> [Work instruction] Lift out, unaltered, the lines of the material below between the line holding "w + of_nat (nat" and the line holding "fixes \<delta> :: real", counting both.
START Data excerpts
(* Take $\Omega=D=\mathbb{C}\setminus\{0,-1,-2,\dots\}$. For every $\delta>0$ there exists a Lebesgue measurable set $S\subseteq D$ with two-dimensional Lebesgue measure $\lambda(S)<\delta$ such that $\mathrm{Cl}_D(S)=D$.
   Context: Let $\Omega$ be either $(0,\infty)$ or $D=\mathbb{C}\setminus\{0,-1,-2,\dots\}$. An admissible instance (relative to $\Omega$) is one of the following finite lists of points, all entries of which are required to lie in $\Omega$: (i) $(z+1,\,z)$ for $z\in\Omega$ with $z+1\in\Omega$ (corresponding to the identity $\Gamma(z+1)=z\Gamma(z)$); (ii) $(z,\,1-z)$ for $z\in\Omega\setminus\mathbb{Z}$ with $1-z\in\Omega$ (corresponding to $\Gamma(z)\Gamma(1-z)=\pi/\sin(\pi z)$); (iii) for an integer $n\ge 2$, $\big(z,\,\tfrac{z}{n},\,\tfrac{z+1}{n},\dots,\tfrac{z+n-1}{n}\big)$ (corresponding to Gauss's multiplication formula $(2\pi)^{(n-1)/2}n^{1/2-z}\Gamma(z)=\prod_{j=0}^{n-1}\Gamma(\tfrac{z+j}{n})$). For $B\subseteq\Omega$, a point $p\in\Omega$ is obtained from $B$ in one step if there is an admissible instance in which $p$ occurs exactly once as an entry and every other entry lies in $B$. Set $B_0=B$, $B_{i+1}=B_i\cup\{p: p \text{ obtained from } B_i \text{ in one step}\}$, and $\mathrm{Cl}_\Omega(B)=\bigcup_{i\ge0}B_i$ (the set of points at which the value of $\Gamma$ is determined by its values on $B$ via finitely many applications of the identities). For $A,B\subseteq\Omega$ write $A\preceq B$ if $A\subseteq \mathrm{Cl}_\Omega(B)$. A set $S\subseteq\Omega$ is a fundamental set (for $\Gamma$ on $\Omega$) if $\mathrm{Cl}_\Omega(S)=\Omega$. *)

theory Defs
  imports "HOL-Analysis.Analysis"
begin

definition gammaD :: "complex set" where
  "gammaD = UNIV - {z. \<exists>n::nat. z = - of_nat n}"

definition admissible :: "complex set \<Rightarrow> complex list \<Rightarrow> bool" where
  "admissible \<Omega> xs \<longleftrightarrow> set xs \<subseteq> \<Omega> \<and>
     ((\<exists>z. xs = [z + 1, z]) \<or>
      (\<exists>z. z \<notin> \<int> \<and> xs = [z, 1 - z]) \<or>
      (\<exists>z (n::nat). n \<ge> 2 \<and> xs = z # map (\<lambda>j. (z + of_nat j) / of_nat n) [0..<n]))"

definition one_step :: "complex set \<Rightarrow> complex set \<Rightarrow> complex \<Rightarrow> bool" where
  "one_step \<Omega> B p \<longleftrightarrow> p \<in> \<Omega> \<and>
     (\<exists>xs. admissible \<Omega> xs \<and> count_list xs p = 1 \<and> (\<forall>q\<in>set xs. q \<noteq> p \<longrightarrow> q \<in> B))"

definition step_set :: "complex set \<Rightarrow> complex set \<Rightarrow> complex set" where
  "step_set \<Omega> B = B \<union> {p. one_step \<Omega> B p}"

definition Cl :: "complex set \<Rightarrow> complex set \<Rightarrow> complex set" where
  "Cl \<Omega> B = (\<Union>i. (step_set \<Omega> ^^ i) B)"

end

theory Submission
  imports Defs
begin

text \<open>
  The closure of the thin rectangle \<open>S = (0,2) \<times> (-\<epsilon>,\<epsilon>)\<close> is all of \<open>D\<close>.
  Translating by integers with \<open>\<Gamma>(z+1) = z\<Gamma>(z)\<close> fills the strip \<open>|Im z| < \<epsilon>\<close>.
  For non-real \<open>z\<close>, the duplication formula determines \<open>\<Gamma>(z)\<close> from \<open>\<Gamma>(z/2)\<close> and
  \<open>\<Gamma>((z+1)/2)\<close>, whose imaginary parts are halved; so by induction the strip
  \<open>|Im z| < 2\<^sup>k\<epsilon>\<close> is filled for every \<open>k\<close>. The measure of \<open>S\<close> is \<open>4\<epsilon>\<close>.
\<close>

lemma step_set_funpow_mono:
  assumes "i \<le> j"
  shows "(step_set \<Omega> ^^ i) B \<subseteq> (step_set \<Omega> ^^ j) B"
  using assms
proof (induction rule: dec_induct)
  case base
  then show ?case by simp
next
  case (step n)
  then show ?case by (auto simp: step_set_def)
qed

lemma finite_subset_Cl_imp_stage:
  assumes "finite F" "F \<subseteq> Cl \<Omega> B"
  shows "\<exists>i. F \<subseteq> (step_set \<Omega> ^^ i) B"
  using assms
proof (induction F rule: finite_induct)
  case empty
  then show ?case by simp
next
  case (insert x F)
  then obtain i where i: "F \<subseteq> (step_set \<Omega> ^^ i) B" by auto
  from insert obtain k where k: "x \<in> (step_set \<Omega> ^^ k) B" by (auto simp: Cl_def)
  have "insert x F \<subseteq> (step_set \<Omega> ^^ max i k) B"
    using i k step_set_funpow_mono[of i "max i k" \<Omega> B] step_set_funpow_mono[of k "max i k" \<Omega> B]
    by auto
  then show ?case by blast
qed

lemma one_step_Cl_imp_mem_Cl:
  assumes "one_step \<Omega> (Cl \<Omega> B) p"
  shows "p \<in> Cl \<Omega> B"
proof -
  from assms obtain xs where xs: "admissible \<Omega> xs" "count_list xs p = 1"
    "\<forall>q\<in>set xs. q \<noteq> p \<longrightarrow> q \<in> Cl \<Omega> B" and p: "p \<in> \<Omega>"
    unfolding one_step_def by blast
  obtain i where i: "set xs - {p} \<subseteq> (step_set \<Omega> ^^ i) B"
    using finite_subset_Cl_imp_stage[of "set xs - {p}" \<Omega> B] xs(3) by auto
  have "one_step \<Omega> ((step_set \<Omega> ^^ i) B) p"
    unfolding one_step_def using xs p i by blast
  then have "p \<in> (step_set \<Omega> ^^ Suc i) B" by (simp add: step_set_def)
  then show ?thesis unfolding Cl_def by blast
qed

lemma Cl_subset:
  assumes "B \<subseteq> \<Omega>"
  shows "Cl \<Omega> B \<subseteq> \<Omega>"
proof -
  have "(step_set \<Omega> ^^ i) B \<subseteq> \<Omega>" for i
    by (induction i) (use assms in \<open>auto simp: step_set_def one_step_def\<close>)
  then show ?thesis unfolding Cl_def by blast
qed

lemma subset_Cl: "B \<subseteq> Cl \<Omega> B"
  unfolding Cl_def by (metis UN_upper UNIV_I funpow_0)

lemma gammaD_iff: "z \<in> gammaD \<longleftrightarrow> (\<forall>n::nat. z \<noteq> - of_nat n)"
  by (auto simp: gammaD_def)

lemma gammaD_add_one: "z \<in> gammaD \<Longrightarrow> z + 1 \<in> gammaD"
  unfolding gammaD_iff
  by (metis add.inverse_distrib_swap add_diff_cancel_right' diff_minus_eq_add of_nat_Suc)

lemma Im_nonzero_imp_gammaD: "Im z \<noteq> 0 \<Longrightarrow> z \<in> gammaD"
  by (auto simp: gammaD_iff)

lemma Re_pos_imp_gammaD: "Re z > 0 \<Longrightarrow> z \<in> gammaD"
  by (auto simp: gammaD_iff)

lemma admissible_shift: "set [z + 1, z] \<subseteq> \<Omega> \<Longrightarrow> admissible \<Omega> [z + 1, z]"
  unfolding admissible_def by (intro conjI disjI1 exI[of _ z]) simp_all

lemma admissible_duplication:
  assumes "set [z, z / 2, (z + 1) / 2] \<subseteq> \<Omega>"
  shows "admissible \<Omega> [z, z / 2, (z + 1) / 2]"
proof -
  have "[z, z / 2, (z + 1) / 2] = z # map (\<lambda>j. (z + of_nat j) / of_nat 2) [0..<2]"
    by (simp add: numeral_2_eq_2)
  then show ?thesis
    unfolding admissible_def
    by (intro conjI assms disjI2 exI[of _ z] exI[of _ "2::nat"]) simp_all
qed

lemma Cl_gammaD_add_one:
  assumes "z \<in> Cl gammaD B" "B \<subseteq> gammaD"
  shows "z + 1 \<in> Cl gammaD B"
proof (rule one_step_Cl_imp_mem_Cl)
  have "z \<in> gammaD" using assms Cl_subset by blast
  then show "one_step gammaD (Cl gammaD B) (z + 1)"
    unfolding one_step_def using assms(1) gammaD_add_one
    by (auto intro!: exI[of _ "[z + 1, z]"] admissible_shift)
qed

lemma Cl_gammaD_diff_one:
  assumes "z + 1 \<in> Cl gammaD B" "z \<in> gammaD"
  shows "z \<in> Cl gammaD B"
proof (rule one_step_Cl_imp_mem_Cl)
  show "one_step gammaD (Cl gammaD B) z"
    unfolding one_step_def using assms gammaD_add_one
    by (auto intro!: exI[of _ "[z + 1, z]"] admissible_shift)
qed

lemma Cl_gammaD_add_nat:
  assumes "z \<in> Cl gammaD B" "B \<subseteq> gammaD"
  shows "z + of_nat n \<in> Cl gammaD B"
proof (induction n)
  case 0
  then show ?case using assms(1) by simp
next
  case (Suc n)
  have "z + of_nat (Suc n) = (z + of_nat n) + 1" by simp
  then show ?case using Cl_gammaD_add_one[OF Suc assms(2)] by argo
qed

lemma Cl_gammaD_diff_nat:
  assumes "z + of_nat n \<in> Cl gammaD B" "z \<in> gammaD"
  shows "z \<in> Cl gammaD B"
  using assms
proof (induction n arbitrary: z)
  case 0
  then show ?case by simp
next
  case (Suc n)
  have "(z + 1) + of_nat n = z + of_nat (Suc n)" by simp
  then have "z + 1 \<in> Cl gammaD B"
    using Suc.IH[of "z + 1"] Suc.prems gammaD_add_one by metis
  then show ?case using Cl_gammaD_diff_one Suc.prems(2) by blast
qed

text \<open>Legendre's duplication formula (Gauss with \<open>n = 2\<close>); \<open>Im z \<noteq> 0\<close> keeps \<open>z/2\<close> and
  \<open>(z+1)/2\<close> away from the poles.\<close>
lemma Cl_gammaD_duplication:
  assumes "z / 2 \<in> Cl gammaD B" "(z + 1) / 2 \<in> Cl gammaD B" "Im z \<noteq> 0"
  shows "z \<in> Cl gammaD B"
proof (rule one_step_Cl_imp_mem_Cl)
  have distinct: "z \<noteq> z / 2" "z \<noteq> (z + 1) / 2"
    using assms(3) by (auto simp: complex_eq_iff)
  have in_D: "set [z, z / 2, (z + 1) / 2] \<subseteq> gammaD"
    using assms(3) by (auto intro: Im_nonzero_imp_gammaD)
  show "one_step gammaD (Cl gammaD B) z"
    unfolding one_step_def
  proof (intro conjI exI[of _ "[z, z / 2, (z + 1) / 2]"])
    show "z \<in> gammaD" using in_D by simp
    show "admissible gammaD [z, z / 2, (z + 1) / 2]" using in_D by (rule admissible_duplication)
    show "count_list [z, z / 2, (z + 1) / 2] z = 1" using distinct by simp
    show "\<forall>q\<in>set [z, z / 2, (z + 1) / 2]. q \<noteq> z \<longrightarrow> q \<in> Cl gammaD B"
      using assms(1,2) by (simp only: list.set ball_simps) blast
  qed
qed

lemma Cl_gammaD_strip:
  assumes "B \<subseteq> gammaD" and unit_strip: "{w. 0 < Re w \<and> Re w \<le> 1 \<and> \<bar>Im w\<bar> < e} \<subseteq> B"
    and z: "z \<in> gammaD" "\<bar>Im z\<bar> < e"
  shows "z \<in> Cl gammaD B"
proof -
  define m where "m = \<lceil>Re z\<rceil> - 1"
  define w where "w = z - of_int m"
  have "0 < Re w" "Re w \<le> 1" "Im w = Im z"
    unfolding w_def m_def by (simp_all, linarith+)
  then have "w \<in> Cl gammaD B" using unit_strip z subset_Cl by fastforce
  show ?thesis
  proof (cases "m \<ge> 0")
    case True
    then have "z = w + of_nat (nat m)" by (simp add: w_def)
    then show ?thesis using Cl_gammaD_add_nat[OF \<open>w \<in> Cl gammaD B\<close> assms(1)] by metis
  next
    case False
    then have "z + of_nat (nat (- m)) = w" by (simp add: w_def)
    then show ?thesis using Cl_gammaD_diff_nat z(1) \<open>w \<in> Cl gammaD B\<close> by metis
  qed
qed

lemma Cl_gammaD_eq_if_strip:
  assumes "B \<subseteq> gammaD" "{w. 0 < Re w \<and> Re w \<le> 1 \<and> \<bar>Im w\<bar> < e} \<subseteq> B" "e > 0"
  shows "Cl gammaD B = gammaD"
proof
  have wide_strip: "z \<in> Cl gammaD B" if "z \<in> gammaD" "\<bar>Im z\<bar> < 2 ^ k * e" for k z
    using that
  proof (induction k arbitrary: z)
    case 0
    then show ?case using Cl_gammaD_strip[OF assms(1,2)] by simp
  next
    case (Suc k)
    show ?case
    proof (cases "Im z = 0")
      case True
      then show ?thesis using Cl_gammaD_strip[OF assms(1,2)] Suc.prems(1) assms(3) by simp
    next
      case False
      then have "z / 2 \<in> Cl gammaD B" "(z + 1) / 2 \<in> Cl gammaD B"
        using Suc.IH Suc.prems(2) Im_nonzero_imp_gammaD by simp_all
      then show ?thesis using Cl_gammaD_duplication False by blast
    qed
  qed
  show "gammaD \<subseteq> Cl gammaD B"
  proof
    fix z assume "z \<in> gammaD"
    obtain k where "\<bar>Im z\<bar> / e < 2 ^ k" using real_arch_pow[of 2 "\<bar>Im z\<bar> / e"] by auto
    then have "\<bar>Im z\<bar> < 2 ^ k * e" using assms(3) by (simp add: field_simps)
    then show "z \<in> Cl gammaD B" using wide_strip \<open>z \<in> gammaD\<close> by blast
  qed
qed (rule Cl_subset[OF assms(1)])

theorem mainTheorem10:
  fixes \<delta> :: real
  assumes "\<delta> > 0"
  shows "\<exists>S. S \<in> sets lebesgue \<and> S \<subseteq> gammaD \<and> emeasure lebesgue S < ennreal \<delta>
             \<and> Cl gammaD S = gammaD"
proof -
  define e where "e = \<delta> / 8"
  have "e > 0" using assms by (simp add: e_def)
  define S where "S = box (Complex 0 (- e)) (Complex 2 e)"
  have mem_S: "z \<in> S \<longleftrightarrow> 0 < Re z \<and> Re z < 2 \<and> \<bar>Im z\<bar> < e" for z
    by (auto simp: S_def mem_box Basis_complex_def)
  have "S \<subseteq> gammaD" using mem_S Re_pos_imp_gammaD by blast
  moreover have "Cl gammaD S = gammaD"
    using Cl_gammaD_eq_if_strip[OF \<open>S \<subseteq> gammaD\<close> _ \<open>e > 0\<close>] mem_S by fastforce
  moreover have "emeasure lebesgue S = ennreal (4 * e)"
    using \<open>e > 0\<close> by (simp add: S_def emeasure_lborel_box_eq Basis_complex_def)
  then have "emeasure lebesgue S < ennreal \<delta>"
    using \<open>e > 0\<close> by (simp add: e_def ennreal_lessI)
  moreover have "S \<in> sets lebesgue" by (simp add: S_def)
  ultimately show ?thesis by blast
qed

end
END Data excerpts
> [Solved problem]
    then have "z = w + of_nat (nat m)" by (simp add: w_def)
    then show ?thesis using Cl_gammaD_add_nat[OF \<open>w \<in> Cl gammaD B\<close> assms(1)] by metis
  next
    case False
    then have "z + of_nat (nat (- m)) = w" by (simp add: w_def)
    then show ?thesis using Cl_gammaD_diff_nat z(1) \<open>w \<in> Cl gammaD B\<close> by metis
  qed
qed

lemma Cl_gammaD_eq_if_strip:
  assumes "B \<subseteq> gammaD" "{w. 0 < Re w \<and> Re w \<le> 1 \<and> \<bar>Im w\<bar> < e} \<subseteq> B" "e > 0"
  shows "Cl gammaD B = gammaD"
proof
  have wide_strip: "z \<in> Cl gammaD B" if "z \<in> gammaD" "\<bar>Im z\<bar> < 2 ^ k * e" for k z
    using that
  proof (induction k arbitrary: z)
    case 0
    then show ?case using Cl_gammaD_strip[OF assms(1,2)] by simp
  next
    case (Suc k)
    show ?case
    proof (cases "Im z = 0")
      case True
      then show ?thesis using Cl_gammaD_strip[OF assms(1,2)] Suc.prems(1) assms(3) by simp
    next
      case False
      then have "z / 2 \<in> Cl gammaD B" "(z + 1) / 2 \<in> Cl gammaD B"
        using Suc.IH Suc.prems(2) Im_nonzero_imp_gammaD by simp_all
      then show ?thesis using Cl_gammaD_duplication False by blast
    qed
  qed
  show "gammaD \<subseteq> Cl gammaD B"
  proof
    fix z assume "z \<in> gammaD"
    obtain k where "\<bar>Im z\<bar> / e < 2 ^ k" using real_arch_pow[of 2 "\<bar>Im z\<bar> / e"] by auto
    then have "\<bar>Im z\<bar> < 2 ^ k * e" using assms(3) by (simp add: field_simps)
    then show "z \<in> Cl gammaD B" using wide_strip \<open>z \<in> gammaD\<close> by blast
  qed
qed (rule Cl_subset[OF assms(1)])

theorem mainTheorem10:
  fixes \<delta> :: real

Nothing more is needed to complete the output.